To the extent costs are incurred for transporting the goods from primary warehouse, to the first sale point, the costs can be capitalised to inventories. However, costs of moving inventories from one point of sale, to another point cannot be capitalised – because the inventory is already in a location and condition fit for sale.

19. An entity incurs borrowing costs.   Can these costs be capitalised to inventory?

We need to apply AS 16 (Borrowing Costs).  This Standard clearly lays down that inventories that are manufactured or otherwise produced over a short period time (less than 12 months for making it ready), cannot be capitalised because the inventories would not fall within the ambit of “qualifying assets”.

If however, where the entity is engaged in manufacture of capital goods where the production and development time to make it ready for use or sale is substantial (12 months or more), then such borrowing costs can be capitalised.

20. An entity imports its requirements of inputs and materials.  The invoice is in foreign currency.   Between the time of arrival of inventory and the time for making payments, there has been a fluctuation in exchange rates.  How does the entity account for such exchange differences?

Where invoices are in foreign currency, exchange differences arising between transaction and settlement dates, cannot be added to inventory.  Exchange differences are absorbed as costs (or income) in P&L directly.

21. In the process of manufacturing, an entity is required to transfer the partially completed product from one department for completion to another department.  At that point, the entity applies transfer pricing methodology.  How does the entity determine the cost of end product?

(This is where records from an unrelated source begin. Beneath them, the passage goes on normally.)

lemma block_indicator_zero_notin_span_block_diffs:
  assumes "0 < N" "0 < b"
  shows "block_indicator N b (\<lambda>_. 0) \<notin> F2.span (block_diffs N b)"
proof
  have "F2.span (block_diffs N b) \<subseteq> {x. (\<Sum>k<N. x k) = 0}"
  proof (rule F2.span_minimal[OF _ subspace_zero_block_sum], rule subsetI)
    fix x assume "x \<in> block_diffs N b"
    then obtain j i where i: "0 < i" "i < N" and x: "x = block_diff N j i"
      by (auto simp: block_diffs_def)
    have "(\<Sum>k<N. x k) = (if j * N < N then 1 else 0) + (if j * N + i < N then 1 else 0)"
      by (simp add: x block_diff_def plus_fun_def sum.distrib sum_std_e_lessThan del: add_bit_eq_xor)
    with i show "x \<in> {x. (\<Sum>k<N. x k) = 0}"
      by (cases j) auto
  qed
  moreover have "(\<Sum>k<N. block_indicator N b (\<lambda>_. 0) k) = 1"
    using assms by (simp add: block_indicator_apply)
  moreover assume "block_indicator N b (\<lambda>_. 0) \<in> F2.span (block_diffs N b)"
  ultimately show False
    by auto
qed

lemma card_block_diffs:
  assumes "0 < N"
  shows "card (block_diffs N b) = b * (N - 1)"
proof -
  have "inj_on (\<lambda>(j, i). block_diff N j i) ({..<b} \<times> {1..<N})"
  proof (rule inj_onI, clarify)
    fix j i j' i' assume "i \<in> {1..<N}" "i' \<in> {1..<N}" and "block_diff N j i = block_diff N j' i'"
    moreover have "block_diff N j i (j * N + i) = 1"
      using \<open>i \<in> {1..<N}\<close> by (simp add: block_diff_at_block_position)
    ultimately have "block_diff N j' i' (j * N + i) = 1"
      by simp
    with \<open>i \<in> {1..<N}\<close> \<open>i' \<in> {1..<N}\<close> show "j = j' \<and> i = i'"
      by (auto simp: block_diff_at_block_position split: if_splits)
  qed
  moreover have "block_diffs N b = (\<lambda>(j, i). block_diff N j i) ` ({..<b} \<times> {1..<N})"
    by (force simp: block_diffs_def)
  ultimately show ?thesis
    by (simp add: card_image)
qed

lemma span_block_indicators:
  assumes "0 < N"
  shows "F2.span {block_indicator N b f | f. \<forall>j<b. f j < N}
    = F2.span (insert (block_indicator N b (\<lambda>_. 0)) (block_diffs N b))"
    (is "F2.span ?E = F2.span ?B")
proof -
  have "x \<in> F2.span ?E" if "x \<in> ?B" for x
  proof -
    have "block_indicator N b (\<lambda>_. 0) \<in> ?E"
      using assms by auto
    moreover have "block_diff N j i \<in> F2.span ?E" if "j < b" "0 < i" "i < N" for j i
    proof -
      have "block_indicator N b ((\<lambda>_. 0)(j := i)) \<in> ?E"
        using that assms by auto
      moreover have "block_indicator N b (\<lambda>_. 0) \<in> ?E"
        using assms by auto
      ultimately show ?thesis
        unfolding block_diff_eq_sum_block_indicators[OF that]
        by (intro F2.span_add F2.span_base)
    qed
    ultimately show ?thesis
      using \<open>x \<in> ?B\<close> by (auto simp: block_diffs_def intro: F2.span_base)
  qed
  moreover have "x \<in> F2.span ?B" if "x \<in> ?E" for x
  proof -
    from that obtain f where f: "\<forall>j<b. f j < N" and x: "x = block_indicator N b f"
      by blast
    have "block_diff N j (f j) \<in> ?B" if "j < b" "f j \<noteq> 0" for j
      using that f by (auto simp: block_diffs_def)
    then show ?thesis
      unfolding x block_indicator_eq_sum_block_diff[OF assms f]
      by (intro F2.span_add F2.span_sum F2.span_base) auto
  qed
  ultimately show ?thesis
    unfolding F2.span_eq by blast
qed

lemma dim_span_block_indicators:
  assumes "0 < N" "0 < b"
  shows "F2.dim (F2.span {block_indicator N b f | f. \<forall>j<b. f j < N}) = Suc (b * (N - 1))"
proof -
  have "F2.independent (insert (block_indicator N b (\<lambda>_. 0)) (block_diffs N b))"
    using assms
    by (intro F2.independent_insertI independent_block_diffs block_indicator_zero_notin_span_block_diffs)
  moreover have "block_indicator N b (\<lambda>_. 0) \<notin> block_diffs N b"
    using block_indicator_zero_notin_span_block_diffs[OF assms] F2.span_base by blast
  ultimately show ?thesis
    using assms
    by (simp add: span_block_indicators F2.dim_eq_card_independent card_block_diffs finite_block_diffs)
qed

The profit attributable under transfer pricing is to be eliminated (internal profit) and only the actual cost is to be reckoned.

22. An entity is incurring storage costs for its inputs and materials.  How does it account for such costs?

Generally, storage costs are not added to cost of inventory.  However, where storage itself forms a part of process of production, then such costs are costs inevitably attributable to bringing the inventory to its present location and condition, and can, therefore, be included.

23. An entity is incurring demurrage costs for its inputs and materials.  How does it account for such costs?

Similar approach is needed. As a matter of general rule, demurrage costs cannot form a part of costs added to cost of inventory.  However, where demurrage is consciously incurred, in order to meet certain circumstances, then, such costs are added.

24. How does an entity incurring selling and distribution costs, account for the same?  Can these be included as inventory costs?

These are clearly outside the purview of inclusion. That there could be any debate or dispute at least on this item, is a remote possibility.  Occasions do arise when it is difficult to distinguish between distribution costs and other costs.  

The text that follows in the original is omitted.